Introduction
Increased risk of ischemic stroke in patients with atrial fibrillation (AF) emphasizes the importance of anticoagulation therapy for stroke prevention.1 Left atrial appendage (LAA) closure is considered an alternative to warfarin in patients with higher bleeding risk. LAA closure with the WATCHMAN device reportedly has a high successful implantation rate with low periprocedural risk of complications,2 and long-term safety comparable to that of warfarin.3,4 However, long-term clinical outcome data in real-world practice are still limited.5 The time to complete endothelial coverage of the device surface has not been clearly documented in humans.6 Herein, we describe a long-term complication after LAA closure, with delayed perforation of the WATCHMAN fabric membrane and associated stroke at 7 months after the procedure.
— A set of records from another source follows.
(* Let $\mathbb{C}$ be a pointed finitely complete Mal'tsev category and let $u:S\to X$ be a morphism in $\mathbb{C}$. The following are equivalent: (a) $u$ is a characteristic monomorphism; (b) for each protosplit monomorphism $\kappa:X\to A$ the composite $\kappa u$ is a Bourn-normal monomorphism; (c) for each reflexive relation $(R,r_1,r_2)$ on an object $Y$ together with a kernel $k:X\to R$ of $r_1$, there exist a reflexive relation $(T,t_1,t_2)$ on $Y$, a monomorphism $v:T\to R$ with $r_1v=t_1$ and $r_2v=t_2$ (a monomorphism of reflexive relations), and a kernel $l:S\to T$ of $t_1$, such that $vl=ku$; (d) the same as (c) with "reflexive relation" replaced by "equivalence relation" throughout.
   Context: A category is Mal'tsev if it is finitely complete and every internal reflexive relation is an internal equivalence relation. A relation $(R,r_1,r_2)$ on $Y$ is a pair $r_1,r_2:R\to Y$ with $\langle r_1,r_2\rangle$ a monomorphism; it is reflexive if there is $s:Y\to R$ with $r_1s=r_2s=1_Y$. A protosplit monomorphism is a kernel of a split epimorphism. A monomorphism $m:S\to Y$ is Bourn-normal if there is an equivalence relation $(R,r_1,r_2)$ on $Y$ and $\tilde m:S\times S\to R$ with $r_1\tilde m=m\pi_1$, $r_2\tilde m=m\pi_2$ and the square $r_1\tilde m=m\pi_1$ a pullback. A morphism $u:S\to X$ is a characteristic monomorphism if for every Bourn-normal monomorphism $n:X\to Y$ the composite $nu$ is a Bourn-normal monomorphism. *)

theory Defs
  imports Main
begin
(* Let $V$ be a finite set of nails, let $g_1, g_2$ be specifications on $V$, and let $h_1, h_2 \in F(V)$ be words with $h_1$ solving $g_1$ and $h_2$ solving $g_2$ (the supports of $h_1,h_2$ may overlap). Suppose that for every $S \subseteq V$ with $g_1(S) = g_2(S) = \mathsf{hang}$ there exists $S'$ with $S \subseteq S' \subseteq V$ and $g_1(S') \ne g_2(S')$. Then $h_1 + h_2$ solves $g_1 \wedge g_2$, and $[h_1,h_2] = h_1 + h_2 - h_1 - h_2$ solves $g_1 \vee g_2$. Moreover, the hypothesis holds automatically when $V = V_1 \sqcup V_2$ and $g_i(S) = f_i(S \cap V_i)$ for specifications $f_i$ on $V_i$ ($i=1,2$).
   Context: Words are elements of the free group $F(V)$ on a finite set $V$ of nails, written additively ($+$ group operation, $-$ inverse, $0$ identity). For $S \subseteq V$, $h|_S$ is the image of $h$ under the homomorphism killing the generators in $S$. A specification on $V$ is a monotone function $f: 2^V \to \{\mathsf{hang}, \mathsf{fall}\}$ with $f(V) = \mathsf{fall}$, where $\mathsf{hang} < \mathsf{fall}$ and monotone means $S \subseteq S' \Rightarrow f(S) \le f(S')$. A word $h$ solves $f$ if for every $S \subseteq V$: $h|_S = 0 \iff f(S) = \mathsf{fall}$. The operations $\vee$, $\wedge$ on specifications are pointwise $\max$, $\min$ with respect to $\mathsf{hang} < \mathsf{fall}$. *)

theory Defs
  imports Main
begin

text \<open>A letter (True, v) is the generator v, (False, v) is its inverse.
  An element of F(V) is represented by any word over V; two words represent the
  same group element iff they have the same free reduction.\<close>

type_synonym 'a fword = "(bool \<times> 'a) list"

definition fg_inv_letter :: "bool \<times> 'a \<Rightarrow> bool \<times> 'a" where
  "fg_inv_letter x = (\<not> fst x, snd x)"

definition fg_reduce :: "'a fword \<Rightarrow> 'a fword" where
  "fg_reduce w = foldr (\<lambda>x acc. case acc of
       [] \<Rightarrow> [x]
     | y # ys \<Rightarrow> (if y = fg_inv_letter x then ys else x # acc)) w []"

definition fg_is_zero :: "'a fword \<Rightarrow> bool" where
  "fg_is_zero w \<longleftrightarrow> fg_reduce w = []"

definition fg_plus :: "'a fword \<Rightarrow> 'a fword \<Rightarrow> 'a fword" where
  "fg_plus u w = u @ w"

definition fg_neg :: "'a fword \<Rightarrow> 'a fword" where
  "fg_neg w = rev (map fg_inv_letter w)"

definition fg_comm :: "'a fword \<Rightarrow> 'a fword \<Rightarrow> 'a fword" where
  "fg_comm u w = fg_plus (fg_plus (fg_plus u w) (fg_neg u)) (fg_neg w)"

text \<open>h|_S: image under the homomorphism killing the generators in S.\<close>
definition fg_kill :: "'a set \<Rightarrow> 'a fword \<Rightarrow> 'a fword" where
  "fg_kill S w = filter (\<lambda>x. snd x \<notin> S) w"

definition fg_word_on :: "'a set \<Rightarrow> 'a fword \<Rightarrow> bool" where
  "fg_word_on V w \<longleftrightarrow> snd ` set w \<subseteq> V"

datatype outcome = hang | fall

definition outcome_le :: "outcome \<Rightarrow> outcome \<Rightarrow> bool" where
  "outcome_le x y \<longleftrightarrow> x = hang \<or> y = fall"

definition is_spec :: "'a set \<Rightarrow> ('a set \<Rightarrow> outcome) \<Rightarrow> bool" where
  "is_spec V f \<longleftrightarrow>
     (\<forall>S S'. S \<subseteq> S' \<and> S' \<subseteq> V \<longrightarrow> outcome_le (f S) (f S')) \<and> f V = fall"

text \<open>Pointwise max (\<or>) and min (\<and>) w.r.t. hang < fall.\<close>
definition spec_or :: "('a set \<Rightarrow> outcome) \<Rightarrow> ('a set \<Rightarrow> outcome) \<Rightarrow> 'a set \<Rightarrow> outcome" where
  "spec_or f g S = (if f S = fall \<or> g S = fall then fall else hang)"

definition spec_and :: "('a set \<Rightarrow> outcome) \<Rightarrow> ('a set \<Rightarrow> outcome) \<Rightarrow> 'a set \<Rightarrow> outcome" where
  "spec_and f g S = (if f S = fall \<and> g S = fall then fall else hang)"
The device shunt showed delayed disappearance after 15 months.
Case
A 69-year-old man with a history of hypertension, congestive heart failure, and persistent AF (CHA2 DS2-VASc score 3) was admitted. Because of a previous history of gastric bleeding during oral anticoagulation with warfarin, LAA closure was considered. A 27-mm WATCHMAN (Boston Scientific, Plymouth, MA, USA) device was successfully implanted on the initial attempt without acute procedure-related complications. A transesophageal echocardiogram (TEE) immediately after implantation and 8 weeks later showed adequate positioning without evident peri-device leakage. After 8 weeks of postprocedure anticoagulation, warfarin was changed to dual antiplatelet therapy with aspirin and clopidogrel.
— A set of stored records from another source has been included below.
(* Let $n\ge1$. Let $\mathbf{R}$ be a subalgebra of $\mathbf{P\L}_n\times\mathbf{P\L}_n$ with $\mathbf{R}\subseteq{\le}$. Assume $\mathbf{R}$ is not equal to the diagonal $\Delta_{\mathbf{S}}=\{(s,s):s\in S\}$ of any subalgebra $\mathbf{S}$ of $\mathbf{P\L}_n$. Put $S=\mathrm{pr}_1(\mathbf{R})\times\mathrm{pr}_2(\mathbf{R})$. Then $$\lhd\cap S\;\subseteq\;\mathbf{R}\;\subseteq\;{\le}\cap S.$$
   Context: For $n\ge 1$, the algebra $\mathbf{P\L}_n=\langle\{0,\tfrac1n,\dots,\tfrac{n-1}{n},1\},\wedge,\vee,\odot,\oplus,0,1\rangle$ has $\wedge=\min$, $\vee=\max$, $x\odot y=\max\{0,x+y-1\}$ and $x\oplus y=\min\{1,x+y\}$. The order is ${\le}=\{(x,y)\in\mathbf{P\L}_n^2: x\le y\}$. The relation $\lhd$ is $\lhd=\{(x,y)\in\mathbf{P\L}_n^2: x=0\text{ or }y=1\}$. Both $\le$ and $\lhd$ are subalgebras of $\mathbf{P\L}_n\times\mathbf{P\L}_n$. The maps $\mathrm{pr}_1,\mathrm{pr}_2$ are the projections. *)

theory Defs
  imports Main "HOL.Rat"
begin

definition PL :: "nat \<Rightarrow> rat set" where
  "PL n = {of_nat k / of_nat n | k. k \<le> n}"

definition luk_odot :: "rat \<Rightarrow> rat \<Rightarrow> rat" where
  "luk_odot x y = max 0 (x + y - 1)"

definition luk_oplus :: "rat \<Rightarrow> rat \<Rightarrow> rat" where
  "luk_oplus x y = min 1 (x + y)"

definition is_subalg :: "nat \<Rightarrow> rat set \<Rightarrow> bool" where
  "is_subalg n S \<longleftrightarrow> S \<subseteq> PL n \<and> 0 \<in> S \<and> 1 \<in> S \<and>
     (\<forall>x\<in>S. \<forall>y\<in>S. min x y \<in> S \<and> max x y \<in> S \<and> luk_odot x y \<in> S \<and> luk_oplus x y \<in> S)"

definition is_subalg2 :: "nat \<Rightarrow> (rat \<times> rat) set \<Rightarrow> bool" where
  "is_subalg2 n R \<longleftrightarrow> R \<subseteq> PL n \<times> PL n \<and> (0, 0) \<in> R \<and> (1, 1) \<in> R \<and>
     (\<forall>(x1, x2)\<in>R. \<forall>(y1, y2)\<in>R.
        (min x1 y1, min x2 y2) \<in> R \<and> (max x1 y1, max x2 y2) \<in> R \<and>
        (luk_odot x1 y1, luk_odot x2 y2) \<in> R \<and> (luk_oplus x1 y1, luk_oplus x2 y2) \<in> R)"

definition leq_rel :: "nat \<Rightarrow> (rat \<times> rat) set" where
  "leq_rel n = {(x, y). x \<in> PL n \<and> y \<in> PL n \<and> x \<le> y}"

definition lhd_rel :: "nat \<Rightarrow> (rat \<times> rat) set" where
  "lhd_rel n = {(x, y). x \<in> PL n \<and> y \<in> PL n \<and> (x = 0 \<or> y = 1)}"

end

theory Submission
  imports Defs "HOL.Real"
begin

text \<open>
  Since R is contained in the order but is not a diagonal, it contains a pair (c, d) with c < d.
  The operations x \<oplus> x and x \<odot> x double the gap d - c as long as both entries lie on the same
  side of 1/2; when they straddle 1/2, x \<oplus> x sends the pair to (2c, 1). A pair (c, 1) with c < 1
  yields (0, 1) by iterating \<odot>. Finally, intersecting resp. joining the elements of R with (0, 1)
  produces every pair (0, b) with b \<in> pr2(R) and (a, 1) with a \<in> pr1(R).
\<close>

lemma PL_subset_unit_interval: "PL n \<subseteq> {0..1}"
  unfolding PL_def by (auto simp: divide_le_eq_1)

lemma is_subalg2_closed:
  assumes "is_subalg2 n R" "(x1, x2) \<in> R" "(y1, y2) \<in> R"
  shows "(min x1 y1, min x2 y2) \<in> R" "(max x1 y1, max x2 y2) \<in> R"
    "(luk_odot x1 y1, luk_odot x2 y2) \<in> R" "(luk_oplus x1 y1, luk_oplus x2 y2) \<in> R"
  using assms unfolding is_subalg2_def by fastforce+

lemma is_subalg2_unit_interval:
  assumes "is_subalg2 n R" "(x, y) \<in> R"
  shows "0 \<le> x" "x \<le> 1" "0 \<le> y" "y \<le> 1"
  using assms PL_subset_unit_interval unfolding is_subalg2_def by fastforce+

lemma is_subalg2_zero_one_if_lt_one:
  assumes R: "is_subalg2 n R" and c: "(c, 1) \<in> R" "c < 1"
  shows "(0, 1) \<in> R"
proof -
  have iterate: "(max 0 (1 - of_nat m * (1 - c)), 1) \<in> R" for m
  proof (induction m)
    case 0
    show ?case using R unfolding is_subalg2_def by simp
  next
    case (Suc m)
    have "luk_odot (max 0 (1 - of_nat m * (1 - c))) c = max 0 (1 - of_nat (Suc m) * (1 - c))"
      using c(2) unfolding luk_odot_def by (auto simp: algebra_simps max_def)
    with is_subalg2_closed(3)[OF R Suc c(1)] show ?case
      by (simp add: luk_odot_def)
  qed
  obtain m where "1 < of_nat m * (1 - c)"
    using ex_less_of_nat_mult[of "1 - c" 1] c(2) by auto
  with iterate[of m] show ?thesis by simp
qed

lemma is_subalg2_zero_one_if_gap:
  assumes R: "is_subalg2 n R"
  shows "(c, d) \<in> R \<Longrightarrow> c < d \<Longrightarrow> 1 \<le> 2 ^ k * (d - c) \<Longrightarrow> (0, 1) \<in> R"
proof (induction k arbitrary: c d)
  case 0
  with is_subalg2_unit_interval[OF R "0.prems"(1)] have "c = 0" "d = 1"
    by simp_all
  with "0.prems" show ?case by simp
next
  case (Suc k)
  have wider_gap: "1 \<le> 2 ^ k * (2 * d - 2 * c)"
    using Suc.prems(3) by (simp add: algebra_simps)
  consider "2 * d \<le> 1" | "1 \<le> 2 * c" | "2 * c < 1" "1 < 2 * d"
    by linarith
  then show ?case
  proof cases
    case 1
    with Suc.prems(2) have "luk_oplus c c = 2 * c" "luk_oplus d d = 2 * d"
      unfolding luk_oplus_def by auto
    with is_subalg2_closed(4)[OF R Suc.prems(1) Suc.prems(1)] have "(2 * c, 2 * d) \<in> R"
      by simp
    with Suc.IH wider_gap Suc.prems(2) show ?thesis by simp
  next
    case 2
    with Suc.prems(2) have "luk_odot c c = 2 * c - 1" "luk_odot d d = 2 * d - 1"
      unfolding luk_odot_def by auto
    with is_subalg2_closed(3)[OF R Suc.prems(1) Suc.prems(1)] have "(2 * c - 1, 2 * d - 1) \<in> R"
      by simp
    with Suc.IH wider_gap Suc.prems(2) show ?thesis by simp
  next
    case 3
    then have "luk_oplus c c = 2 * c" "luk_oplus d d = 1"
      unfolding luk_oplus_def by auto
    with is_subalg2_closed(4)[OF R Suc.prems(1) Suc.prems(1)] have "(2 * c, 1) \<in> R"
      by simp
    with is_subalg2_zero_one_if_lt_one[OF R] 3 show ?thesis by blast
  qed
qed

lemma is_subalg2_zero_one_if_lt:
  assumes R: "is_subalg2 n R" and cd: "(c, d) \<in> R" "c < d"
  shows "(0, 1) \<in> R"
proof -
  obtain k :: nat where "1 < of_nat k * (d - c)"
    using ex_less_of_nat_mult[of "d - c" 1] cd(2) by auto
  also have "\<dots> \<le> 2 ^ k * (d - c)"
    using cd(2) by (intro mult_right_mono) (auto intro: less_imp_le)
  finally show ?thesis
    by (rule is_subalg2_zero_one_if_gap[OF R cd less_imp_le])
qed

lemma is_subalg2_diagonal:
  assumes R: "is_subalg2 n R" and diag: "\<And>x y. (x, y) \<in> R \<Longrightarrow> x = y"
  shows "is_subalg n (fst ` R)" "R = {(s, s) | s. s \<in> fst ` R}"
proof -
  have diag_iff: "x \<in> fst ` R \<longleftrightarrow> (x, x) \<in> R" for x
    using diag by force
  show "R = {(s, s) | s. s \<in> fst ` R}"
    using diag diag_iff by auto
  show "is_subalg n (fst ` R)"
    unfolding is_subalg_def
  proof (intro conjI ballI)
    show "fst ` R \<subseteq> PL n" "0 \<in> fst ` R" "1 \<in> fst ` R"
      using R unfolding is_subalg2_def by force+
  next
    fix x y assume "x \<in> fst ` R" "y \<in> fst ` R"
    then have "(x, x) \<in> R" "(y, y) \<in> R"
      using diag_iff by blast+
    from is_subalg2_closed[OF R this]
    show "min x y \<in> fst ` R" "max x y \<in> fst ` R"
      "luk_odot x y \<in> fst ` R" "luk_oplus x y \<in> fst ` R"
      by (simp_all add: diag_iff)
  qed
qed

lemma is_subalg2_lhd_subset:
  assumes R: "is_subalg2 n R" and zero_one: "(0, 1) \<in> R"
  shows "lhd_rel n \<inter> (fst ` R \<times> snd ` R) \<subseteq> R"
proof
  fix p assume "p \<in> lhd_rel n \<inter> (fst ` R \<times> snd ` R)"
  then obtain a b a' b' where p: "p = (a, b)" and ab: "(a, b) \<in> lhd_rel n"
    and aR: "(a, a') \<in> R" and bR: "(b', b) \<in> R"
    by force
  from ab consider "a = 0" | "b = 1"
    unfolding lhd_rel_def by blast
  then show "p \<in> R"
  proof cases
    case 1
    with is_subalg2_closed(1)[OF R zero_one bR] is_subalg2_unit_interval[OF R bR]
    show ?thesis by (simp add: p)
  next
    case 2
    with is_subalg2_closed(2)[OF R zero_one aR] is_subalg2_unit_interval[OF R aR]
    show ?thesis by (simp add: p)
  qed
qed

theorem lemma3p9:
  fixes n :: nat and R :: "(rat \<times> rat) set"
  assumes "n \<ge> 1"
    and "is_subalg2 n R"
    and "R \<subseteq> leq_rel n"
    and "\<forall>S. is_subalg n S \<longrightarrow> R \<noteq> {(s, s) | s. s \<in> S}"
  shows "lhd_rel n \<inter> ((fst ` R) \<times> (snd ` R)) \<subseteq> R \<and> R \<subseteq> leq_rel n \<inter> ((fst ` R) \<times> (snd ` R))"
proof -
  have "\<exists>c d. (c, d) \<in> R \<and> c < d"
  proof (rule ccontr)
    assume "\<nexists>c d. (c, d) \<in> R \<and> c < d"
    with assms(3) have "\<And>x y. (x, y) \<in> R \<Longrightarrow> x = y"
      unfolding leq_rel_def by fastforce
    with is_subalg2_diagonal[OF assms(2)] assms(4) show False by blast
  qed
  then obtain c d where "(c, d) \<in> R" "c < d" by blast
  with is_subalg2_zero_one_if_lt[OF assms(2)] have "(0, 1) \<in> R" .
  with is_subalg2_lhd_subset[OF assms(2)] assms(3) show ?thesis by force
qed

end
Seven months after LAA occlusion, the patient was admitted to the emergency room with sudden dysarthria, and was diagnosed with multiple embolic cerebral infarctions on brain magnetic resonance imaging (Figure 1A). The patient was in sinus rhythm on admission. Central contrast filling in the LAA device was observed on cardiac computed tomography (CT) (Figure 1B and 1C), and to-and-fro flow communication at the center of the device and multiple thrombi were visible on the TEE (Figure 2A and 2B, Movie 1). At this time, we reexamined the 8-week postprocedure TEE, and a faint central jet with inward flow to the LAA was suspected (Movie 2).
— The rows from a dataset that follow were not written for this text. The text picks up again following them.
(* Let $f(t)\in\mathbb{F}_2[t]$ be an irreducible polynomial with $f(t)\neq t$ that is not self-reciprocal, and let $R_f=\mathbb{F}_2[t,t^{-1},f(t)^{-1}]$. Then the only ring automorphism of $R_f$ is the identity.
   Context: The reciprocal of a polynomial $f(t)$ of degree $m$ is $t^m f(1/t)$; $f$ is self-reciprocal if it equals its reciprocal. *)

theory Defs
  imports "HOL-Library.Z2" "HOL-Computational_Algebra.Polynomial" "HOL-Computational_Algebra.Fraction_Field"
    "HOL-Computational_Algebra.Polynomial_Factorial"
begin

(* F_2 is the type bit (HOL-Library.Z2).  The reciprocal t^m f(1/t) of f
   (m = degree f) is the library's reflect_poly f = Poly (rev (coeffs f)). *)
definition self_reciprocal :: "bit poly \<Rightarrow> bool" where
  "self_reciprocal f \<longleftrightarrow> reflect_poly f = f"

(* R_f = F_2[t, t^-1, f^-1], realised as a subring of the fraction field
   F_2(t) = bit poly fract: all p / (t^a f^b). *)
definition R_f :: "bit poly \<Rightarrow> bit poly fract set" where
  "R_f f = {Fract p ([:0, 1:] ^ a * f ^ b) | p a b. True}"

definition ring_automorphism :: "bit poly fract set \<Rightarrow> (bit poly fract \<Rightarrow> bit poly fract) \<Rightarrow> bool" where
  "ring_automorphism S \<phi> \<longleftrightarrow> bij_betw \<phi> S S \<and>
     (\<forall>x\<in>S. \<forall>y\<in>S. \<phi> (x + y) = \<phi> x + \<phi> y \<and> \<phi> (x * y) = \<phi> x * \<phi> y) \<and> \<phi> 1 = 1"

end

(* The units of R_f are exactly the t^a f^b with a, b integers, so an automorphism \<phi> is
   determined by \<phi> t = t^a f^b, it must send f to f(\<phi> t) = t^c f^d, and the integer
   matrix (a c; b d) is invertible.  For a polynomial of degree n with constant term 1,
   a valuation of f(g) is 0, n v(g) or nonnegative according as v(g) is positive, negative
   or zero.  Applied to g = \<phi> t and the t-adic, f-adic and infinite valuations, this leaves
   only \<phi> t = t, or \<phi> t = 1/t and \<phi> f = t^-n f, and the latter says f(1/t) t^n = f. *)

theory Submission
  imports Defs
begin

(* F_2 with trivial normalisation, as for the fields in Field_as_Ring: this makes bit poly a
   factorial ring, where irreducible polynomials are prime. *)

instantiation bit ::
  "{unique_euclidean_ring, normalization_euclidean_semiring, normalization_semidom_multiplicative}"
begin

definition normalize_bit :: "bit \<Rightarrow> bit" where [simp]: "normalize_bit x = x"
definition unit_factor_bit :: "bit \<Rightarrow> bit" where [simp]: "unit_factor_bit x = x"
definition euclidean_size_bit :: "bit \<Rightarrow> nat" where
  [simp]: "euclidean_size_bit x = (if x = 0 then 0 else 1)"
definition division_segment_bit :: "bit \<Rightarrow> bit" where [simp]: "division_segment_bit x = 1"

instance
  by standard (auto simp: dvd_field_iff)

end

instantiation bit :: euclidean_ring_gcd
begin

definition gcd_bit :: "bit \<Rightarrow> bit \<Rightarrow> bit" where
  "gcd_bit = Euclidean_Algorithm.gcd"
definition lcm_bit :: "bit \<Rightarrow> bit \<Rightarrow> bit" where
  "lcm_bit = Euclidean_Algorithm.lcm"
definition Gcd_bit :: "bit set \<Rightarrow> bit" where
  "Gcd_bit = Euclidean_Algorithm.Gcd"
definition Lcm_bit :: "bit set \<Rightarrow> bit" where
  "Lcm_bit = Euclidean_Algorithm.Lcm"

instance by standard (simp_all add: gcd_bit_def lcm_bit_def Gcd_bit_def Lcm_bit_def)

end

instance bit :: field_gcd ..

section \<open>Discrete valuations\<close>

(* y = v (p g) versus x = v g, for p of degree n with unit coefficients and p(0) \<noteq> 0 *)
definition poly_val_rule :: "int \<Rightarrow> int \<Rightarrow> int \<Rightarrow> bool" where
  "poly_val_rule n x y \<longleftrightarrow> (0 < x \<longrightarrow> y = 0) \<and> (x < 0 \<longrightarrow> y = n * x) \<and> (x = 0 \<longrightarrow> 0 \<le> y)"

locale valuation =
  fixes v :: "'a::field \<Rightarrow> int"
  assumes v_mult: "x \<noteq> 0 \<Longrightarrow> y \<noteq> 0 \<Longrightarrow> v (x * y) = v x + v y"
    and v_add_ge_min: "x \<noteq> 0 \<Longrightarrow> y \<noteq> 0 \<Longrightarrow> x + y \<noteq> 0 \<Longrightarrow> min (v x) (v y) \<le> v (x + y)"
begin

lemma v_one [simp]: "v 1 = 0"
  using v_mult[of 1 1] by simp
The patient recovered on apixaban without neurologic sequelae and was followed without further events. The central communicating flow disappeared and organized thrombus filling the inner space of the device was observed at 15 months after the procedure (Movie 3).
Discussion
The WATCHMAN device has established use for LAA closure, and is an alternative to chronic oral anticoagulation in patients with nonvalvular AF at high risk for thromboembolism and bleeding.7,8 The noninferiority of the WATCHMAN device to warfarin in ischemic stroke and major bleeding was shown in randomized controlled trials.3,7,8 A study of 1,004 patients with successful WATCHMAN implantation reported acute procedure-related complications in 2.8% within 7 days, and 7.9% had serious adverse events including major bleeding, pericardial effusion, vascular damage, procedural air embolism, device embolization, and peri-device leakage within 30 days after the procedure.2 However, delayed complications related to suspected device perforation have not yet been reported.
The device comprises a nitinol frame and a fabric membrane. Although the device was implanted successfully in a single attempt, the thin fabric membrane could have been damaged by device manipulation or deployment. Alternatively, spontaneous restoration of sinus rhythm may have improved LAA contractility in this case; this might have unmasked a preexisting, unnoticed small defect on the device. Although the patient was in AF at 15 months of follow-up, the central communicating flow had disappeared. Therefore, delayed endothelialization should be considered in patients with contrast filling of the LAA on follow-up cardiac CT.6 If device-related thrombus formation or peri-device leakage is observed, extended anticoagulation may be considered.5,9 To determine the duration of anticoagulation, serial imaging should be performed until complete endothelialization of the device is likely.